Still, Baez managed to pull off a rare feat: He sharply changed direction after his explosive opening arguments, backing off of the sexual abuse claims without losing the jury.

“He really seemed to paint himself into a corner with that opening statement,” says Dicembre. “The fact that he was able to get a not guilty … he shot a lot of traditional thought right out of the water.”

Unpredictable Jury

One thing that legal experts on both sides agree upon: Juries are invariably unpredictable.
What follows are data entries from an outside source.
(* Let $H\in(\tfrac12,1)$, let $(L_t)_{t\in\mathbb R}$ be a two-sided Lévy process without Gaussian component with $\mathbb E L_1=0$, $\mathbb E L_1^2<\infty$, and let $X_t=\int_{-\infty}^t f_H(t,s)\,dL_s$ be the fLpMvN. Then for all $-\infty<s<t<\infty$, $$\sum_{j=1}^{2^n}\big(X_{s+\frac{j}{2^n}(t-s)}-X_{s+\frac{j-1}{2^n}(t-s)}\big)^2\to0\quad\text{a.s. as }n\to\infty.$$
   Context: A two-sided Lévy process is $L_t=L^{(1)}_t$ for $t\ge0$ and $L_t=-L^{(2)}_{-(t-)}$ for $t<0$, with $L^{(1)},L^{(2)}$ i.i.d. Lévy processes. Mandelbrot–Van Ness kernel: $f_H(t,s)=C_H\big((t-s)_+^{H-1/2}-(-s)_+^{H-1/2}\big)$ with $C_H=\big(\int_0^\infty((1+s)^{H-1/2}-s^{H-1/2})^2ds+\tfrac1{2H}\big)^{-1/2}$. The integral is the $L^2(\mathbb P)$-limit of integrals of step functions. *)

theory Defs
  imports "HOL-Probability.Probability"
begin

definition cadlag_nonneg :: "(real \<Rightarrow> real) \<Rightarrow> bool" where
  "cadlag_nonneg g \<longleftrightarrow>
     (\<forall>t\<ge>0. continuous (at_right t) g) \<and> (\<forall>t>0. \<exists>l. (g \<longlongrightarrow> l) (at_left t))"

text \<open>(One-sided) Levy process indexed by t >= 0 (values at t < 0 are irrelevant).\<close>
definition levy_process :: "'a measure \<Rightarrow> (real \<Rightarrow> 'a \<Rightarrow> real) \<Rightarrow> bool" where
  "levy_process M L \<longleftrightarrow>
     prob_space M \<and>
     (\<forall>t\<ge>0. L t \<in> borel_measurable M) \<and>
     (AE \<omega> in M. L 0 \<omega> = 0) \<and>
     (\<forall>(n::nat) (\<tau>::nat \<Rightarrow> real). 0 \<le> \<tau> 0 \<and> (\<forall>i<n. \<tau> i < \<tau> (Suc i)) \<longrightarrow>
        prob_space.indep_vars M (\<lambda>_. borel) (\<lambda>i \<omega>. L (\<tau> (Suc i)) \<omega> - L (\<tau> i) \<omega>) {..<n}) \<and>
     (\<forall>s h. 0 \<le> s \<and> 0 \<le> h \<longrightarrow>
        distr M borel (\<lambda>\<omega>. L (s + h) \<omega> - L s \<omega>) = distr M borel (\<lambda>\<omega>. L h \<omega> - L 0 \<omega>)) \<and>
     (AE \<omega> in M. cadlag_nonneg (\<lambda>t. L t \<omega>))"

definition path_nonneg :: "(real \<Rightarrow> 'a \<Rightarrow> real) \<Rightarrow> 'a \<Rightarrow> real \<Rightarrow> real" where
  "path_nonneg L \<omega> = restrict (\<lambda>t. L t \<omega>) {0..}"

definition iid_processes :: "'a measure \<Rightarrow> (real \<Rightarrow> 'a \<Rightarrow> real) \<Rightarrow> (real \<Rightarrow> 'a \<Rightarrow> real) \<Rightarrow> bool" where
  "iid_processes M L1 L2 \<longleftrightarrow>
     prob_space.indep_var M (Pi\<^sub>M {0..} (\<lambda>_. borel)) (path_nonneg L1)
                            (Pi\<^sub>M {0..} (\<lambda>_. borel)) (path_nonneg L2) \<and>
     distr M (Pi\<^sub>M {0..} (\<lambda>_. borel)) (path_nonneg L1) =
     distr M (Pi\<^sub>M {0..} (\<lambda>_. borel)) (path_nonneg L2)"

definition two_sided :: "(real \<Rightarrow> 'a \<Rightarrow> real) \<Rightarrow> (real \<Rightarrow> 'a \<Rightarrow> real) \<Rightarrow> real \<Rightarrow> 'a \<Rightarrow> real" where
  "two_sided L1 L2 t \<omega> = (if 0 \<le> t then L1 t \<omega> else - Lim (at_left (-t)) (\<lambda>u. L2 u \<omega>))"

text \<open>No Gaussian component: the Levy-Khintchine triple of Y (= L_1) has sigma^2 = 0, i.e.
  the characteristic function of Y is exp(i gamma u + int (e^{iux} - 1 - iux 1_{|x|<=1}) nu(dx))
  for some gamma and a Levy measure nu.\<close>
definition no_gaussian_component :: "'a measure \<Rightarrow> ('a \<Rightarrow> real) \<Rightarrow> bool" where
  "no_gaussian_component M Y \<longleftrightarrow>
     (\<exists>(\<gamma>::real) (\<nu>::real measure).
        sets \<nu> = sets borel \<and> emeasure \<nu> {0} = 0 \<and> integrable \<nu> (\<lambda>x. min 1 (x\<^sup>2)) \<and>
        (\<forall>u. char (distr M borel Y) u =
              exp (\<i> * complex_of_real (\<gamma> * u) +
                   (CLINT x|\<nu>. iexp (u * x) - 1 - \<i> * complex_of_real (u * x * indicator {-1..1} x)))))"

definition C_H :: "real \<Rightarrow> real" where
  "C_H H = ((LINT s|lborel. indicator {0..} s * ((1 + s) powr (H - 1/2) - s powr (H - 1/2))\<^sup>2)
             + 1 / (2 * H)) powr (-1/2)"

definition f_H :: "real \<Rightarrow> real \<Rightarrow> real \<Rightarrow> real" where
  "f_H H t s = C_H H * (max (t - s) 0 powr (H - 1/2) - max (- s) 0 powr (H - 1/2))"

definition step_fn :: "nat \<Rightarrow> (nat \<Rightarrow> real) \<Rightarrow> (nat \<Rightarrow> real) \<Rightarrow> real \<Rightarrow> real" where
  "step_fn n a s x = (\<Sum>i<n. a i * indicator {s i<..s (Suc i)} x)"

definition step_int :: "(real \<Rightarrow> 'a \<Rightarrow> real) \<Rightarrow> nat \<Rightarrow> (nat \<Rightarrow> real) \<Rightarrow> (nat \<Rightarrow> real) \<Rightarrow> 'a \<Rightarrow> real" where
  "step_int L n a s \<omega> = (\<Sum>i<n. a i * (L (s (Suc i)) \<omega> - L (s i) \<omega>))"

text \<open>X is (a version of) int f dL: the L^2(P)-limit of integrals of step functions g_k
  with g_k -> f in L^2(R).\<close>
definition levy_integral :: "'a measure \<Rightarrow> (real \<Rightarrow> 'a \<Rightarrow> real) \<Rightarrow> (real \<Rightarrow> real) \<Rightarrow> ('a \<Rightarrow> real) \<Rightarrow> bool" where
  "levy_integral M L f X \<longleftrightarrow>
     X \<in> borel_measurable M \<and>
     (\<exists>(N::nat \<Rightarrow> nat) (A::nat \<Rightarrow> nat \<Rightarrow> real) (S::nat \<Rightarrow> nat \<Rightarrow> real).
        (\<forall>k. \<forall>i<N k. S k i < S k (Suc i)) \<and>
        (\<forall>k. integrable lborel (\<lambda>x. (step_fn (N k) (A k) (S k) x - f x)\<^sup>2)) \<and>
        ((\<lambda>k. LINT x|lborel. (step_fn (N k) (A k) (S k) x - f x)\<^sup>2) \<longlonglongrightarrow> 0) \<and>
        (\<forall>k. integrable M (\<lambda>\<omega>. (step_int L (N k) (A k) (S k) \<omega> - X \<omega>)\<^sup>2)) \<and>
        ((\<lambda>k. LINT \<omega>|M. (step_int L (N k) (A k) (S k) \<omega> - X \<omega>)\<^sup>2) \<longlonglongrightarrow> 0))"

end

theory Submission
  imports Defs
begin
Not permitted to discuss the trial even among themselves until deliberation, the sequestered Anthony jury was completely cut off from the constant chatter about the trial, CNN’s Nancy Grace’s “tot mom” rage and the millions of trial watchers who thought Casey was guilty.

“When you’ve been doing this for so long, you know that you never know what a jury will do,” says Orlando defense attorney Bill Umansky, who closely followed the case.

“The bottom line is, the prosecution did a good job, but circumstantial cases are very difficult to prove,” adds Umansky. “What happened to Caylee? We may never know.”

Despite public outcry over the verdict, “This is the jury system,” says Hornsby. “The whole point is that a jury of one’s peers makes the decision, not the government. Casey Anthony had her trial, and the jury made its decision. We have to accept it.”